Probabilities (first 3 rows):


Unnamed: 0,0,1
8,0.988723,0.011277
70,0.012735,0.987265
82,0.000183,0.999817



## 7) Save & Load the Model

AutoGluon models are saved under the `path` you provided. You can reload them later and do inference without retraining.


In [9]:

# ─────────────────────────────────────────
# 💾 Save & Reload
# ─────────────────────────────────────────
print("Model directory:", predictor.path)

# Reload
reloaded = MultiModalPredictor.load(predictor.path)

# Sanity-check prediction equals (or is close to) the original predictor on same data
reloaded_preds = reloaded.predict(test_data)
print("Reloaded predictions match shape:", reloaded_preds.shape == preds.shape)


Model directory: /content/automm_petfinder_model


Load pretrained checkpoint: /content/automm_petfinder_model/model.ckpt
INFO: 💡 Tip: For seamless cloud uploads and versioning, try installing [litmodels](https://pypi.org/project/litmodels/) to enable LitModelCheckpoint, which syncs automatically with the Lightning model registry.


Predicting: |          | 0/? [00:00<?, ?it/s]
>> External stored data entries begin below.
text \<open>The summand ts on the left is a potential: the steps of the two advancing loops telescope
  to the total advance of t_s, which never exceeds Suc l.\<close>

lemma outer_steps:
  "ts \<le> Suc l \<Longrightarrow> snd (outer k x1 x2 l b ts) + ts
     \<le> length (fst (outer k x1 x2 l b ts)) + 4 * (Suc l - b) + Suc (Suc l)"
proof (induction "Suc l - b" arbitrary: b ts)
  case 0
  then show ?case by (subst (1 2) outer.simps) simp
next
  case (Suc d)
  then have b: "b \<le> l" by simp
  define a1 where "a1 = fst (adv1 l b ts)"
  define a2 where "a2 = fst (adv2 k x1 l b a1)"
  have a1: "ts \<le> a1" "a1 \<le> Suc l" "snd (adv1 l b ts) = Suc (a1 - ts)"
    using adv1_loop[of ts l b] Suc.prems unfolding a1_def by auto
  have a2: "a1 \<le> a2" "a2 \<le> Suc l" "snd (adv2 k x1 l b a1) = Suc (a2 - a1)"
    "l < a2 \<or> x1 \<le> rr k a2 - rr k b"
    using adv2_loop[of a1 k x1 l b] a1(2) unfolding a2_def by auto
  have "snd (outer k x1 x2 l (Suc b) a2) + a2
      \<le> length (fst (outer k x1 x2 l (Suc b) a2)) + 4 * (Suc l - Suc b) + Suc (Suc l)"
    using Suc.hyps(1)[of "Suc b" a2] Suc.hyps(2) a2(2) by simp
  then show ?case
    using b a1 a2 inner_steps[where t = a2]
    by (subst (1 2) outer.simps) (simp add: Let_def a1_def[symmetric] a2_def[symmetric])
qed

lemma reps_pos:
  assumes "(i, j) \<in> reps k n"
  shows "0 < n"
proof -
  from assms have "i - 1 < j" "n = rr k j - rr k (i - 1)" by (auto simp: reps_iff_rr)
  then show ?thesis using strict_monoD[OF strict_mono_rr, of "i - 1" j k] by simp
qed

lemma f_rep_nonpos: "n \<le> 0 \<Longrightarrow> f_rep k n = 0"
proof -
  assume "n \<le> 0"
  then have "reps k n = {}" using reps_pos by fastforce
  then show ?thesis by (simp add: f_rep_def)
qed

lemma finite_reps:
  assumes "0 < k"
  shows "finite (reps k n)"
proof (rule finite_subset)
  define L where "L = prime_pi (root k (real_of_int (n + 1)))"
  show "reps k n \<subseteq> {1..L} \<times> {1..L}"
  proof safe
    fix i j assume ij: "(i, j) \<in> reps k n"
    then have "j \<le> L" unfolding L_def using assms by (intro reps_last_le_prime_pi) auto
    with ij show "i \<in> {1..L}" "j \<in> {1..L}" by (auto simp: reps_def)
  qed
qed simp

lemma s_rep_diff:
  assumes "x1 \<le> x2"
  shows "s_rep k x2 - s_rep k x1 = (\<Sum>n\<in>{x1<..x2}. int (f_rep k n))"
proof -
  define a where "a = min 0 x1"
  have s_rep_from_a: "s_rep k y = (\<Sum>n\<in>{a<..y}. int (f_rep k n))" for y
    unfolding s_rep_def a_def
    by (rule sum.mono_neutral_right[symmetric]) (auto simp: f_rep_nonpos)
  have "{a<..x2} = {a<..x1} \<union> {x1<..x2}" using assms by (auto simp: a_def)
  then have "s_rep k x2 = s_rep k x1 + (\<Sum>n\<in>{x1<..x2}. int (f_rep k n))"
    unfolding s_rep_from_a by (simp add: sum.union_disjoint)
  then show ?thesis by simp
qed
Reloaded predictions match shape: True



## 8) (Optional) Advanced Tips & Tweaks

- **Increase `time_limit`** for better results.
- Use `hyperparameters` to control model families / backbones.
- Try **data subsampling** for faster iteration during prototyping.
- Use `eval_metric` to pick a specific metric aligned with your goal.
- Explore `.fit_summary()` for training details and artifacts.


In [10]:

# Example: show a compact fit summary (if available)
try:
    summary = predictor.fit_summary()
    if isinstance(summary, dict):
        print("fit_summary keys:", list(summary.keys()))
    else:
        print(summary)
except Exception as e:
    print("fit_summary not available or failed:", e)
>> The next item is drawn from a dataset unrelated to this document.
(* If Dynamic A* (with \texttt{reeval} true or false) uses a dyn-admissible, dyn-monotonic and dyn-consistent dynamic heuristic, then the sequence of values $\hat g+\hat h$ of the entries $\langle s,\hat g,\hat h\rangle$ popped from Open, in the order they are popped, is non-decreasing.
   Context: A transition system is $\mathcal T=\langle S,L,c,T,s_I,S_G\rangle$ with finite states $S$, finite labels $L$, cost function $c:L\to\mathbb R_{\ge0}$, transitions $T\subseteq S\times L\times S$, initial state $s_I$, goal states $S_G\subseteq S$; $h^*(s)$ is the minimal cost of a path from $s$ to a goal ($\infty$ if none). An information source $\sigma$ consists of a set $\mathcal I_\sigma$, $\iota_0^\sigma\in\mathcal I_\sigma$, $\mathrm{update}_\sigma:\mathcal I_\sigma\times T\to\mathcal I_\sigma$, $\mathrm{refine}_\sigma:\mathcal I_\sigma\times S\to\mathcal I_\sigma$. Reachable information: $\iota_n$ is reachable if obtained from $\iota_0^\sigma$ by a sequence of refine steps on states and update steps on transitions $e_1,\dots,e_n$, where each refined state and each origin of an updated transition is $s_I$ or the target of an earlier updated transition. A dynamic heuristic over $\sigma$ is $h:S\times\mathcal I_\sigma\to\mathbb R_{\ge0}\cup\{\infty\}$. It is dyn-admissible if $h(s,\iota)\le h^*(s)$; dyn-consistent if $h(s,\iota)\le c(\ell)+h(s',\iota)$ for all $\langle s,\ell,s'\rangle\in T$; each for all states and all reachable $\iota$; and dyn-monotonic if $h(s,\iota)\le h(s,\mathrm{update}_\sigma(\iota,t))$ and $h(s,\iota)\le h(s,\mathrm{refine}_\sigma(\iota,s'))$ for all reachable $\iota$, all $s,s'\in S$, all $t\in T$. Parent source $\sigma_p$: $\mathcal I_{\sigma_p}$ = partial functions $S\rightharpoonup\mathbb R_{\ge0}\times(T\cup\{\bot\})$; $\iota_0=\{s_I\mapsto\langle0,\bot\rangle\}$; refine is the identity; $\mathrm{update}(\iota,\langle s,\ell,s'\rangle)$ with $\iota(s)=\langle g,\cdot\rangle$ changes only $s'$, setting it to $\langle g+c(\ell),\langle s,\ell,s'\rangle\rangle$ if $\iota(s')$ is undefined or has $g$-component $\ge g+c(\ell)$, otherwise unchanged. Dynamic A* takes $\mathcal T$, sources $\sigma_p,\sigma_h$, a dynamic heuristic $h$ over $\sigma_h$ and a Boolean flag \texttt{reeval}. Notation: at any moment $g(s)$ is the $g$-component of the current $\mathcal I(\sigma_p)(s)$ and $h(s)$ denotes $h(s,\mathcal I(\sigma_h))$ for the current $\mathcal I(\sigma_h)$. Open is a priority queue of entries $\langle s,g,h\rangle$ (duplicates allowed), popped by minimal stored value $g+h$ (ties arbitrary). Algorithm: 1. $\mathcal I(\sigma):=\iota_0^\sigma$ for both sources; $S_{\mathrm{known}}:=\{s_I\}$; Closed $:=\emptyset$; Open empty. If $h(s_I)<\infty$ insert $\langle s_I,g(s_I),h(s_I)\rangle$. 2. While Open is nonempty: pop an entry $\langle s,\hat g,\hat h\rangle$ of minimal $\hat g+\hat h$. If $s\in$ Closed, continue with the next iteration. Otherwise set $\mathcal I(\sigma):=\mathrm{refine}_\sigma(\mathcal I(\sigma),s)$ for both sources. If \texttt{reeval} is true and $\hat h<h(s)$: if $h(s)<\infty$ insert $\langle s,g(s),h(s)\rangle$; continue with the next iteration (this is a re-evaluation). Otherwise add $s$ to Closed ($s$ is expanded). If $s\in S_G$, return the path obtained by following the parent pointers of $\mathcal I(\sigma_p)$ from $s$ back to $s_I$. Otherwise, for each $t=\langle s,\ell,s'\rangle\in T$ in some order: let $old:=g(s')$ if $s'\in S_{\mathrm{known}}$ and undefined otherwise; set $\mathcal I(\sigma):=\mathrm{update}_\sigma(\mathcal I(\sigma),t)$ for both sources; add $s'$ to $S_{\mathrm{known}}$; if $h(s')=\infty$ skip $s'$; else if $old$ is undefined insert $\langle s',g(s'),h(s')\rangle$; else if $old>g(s')$, remove $s'$ from Closed if it is there (reopening) and insert $\langle s',g(s'),h(s')\rangle$. 3. Return "unsolvable". *)

theory Defs
  imports "HOL-Analysis.Analysis" "HOL-Library.Multiset" "HOL-Library.Extended_Real"
begin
fit_summary keys: ['val_roc_auc', 'training_time']



---

### ✅ You’re Done!
You trained, evaluated, predicted, and saved a **multimodal** model with images, text, and tabular features using **AutoGluon**.

**Next ideas:**
- Swap in your own dataset with similar columns (image paths + text + tabular + label).
- Tune hyperparameters and increase training time for higher accuracy.
- Export embeddings with `predictor.extract_embedding(...)` for downstream tasks.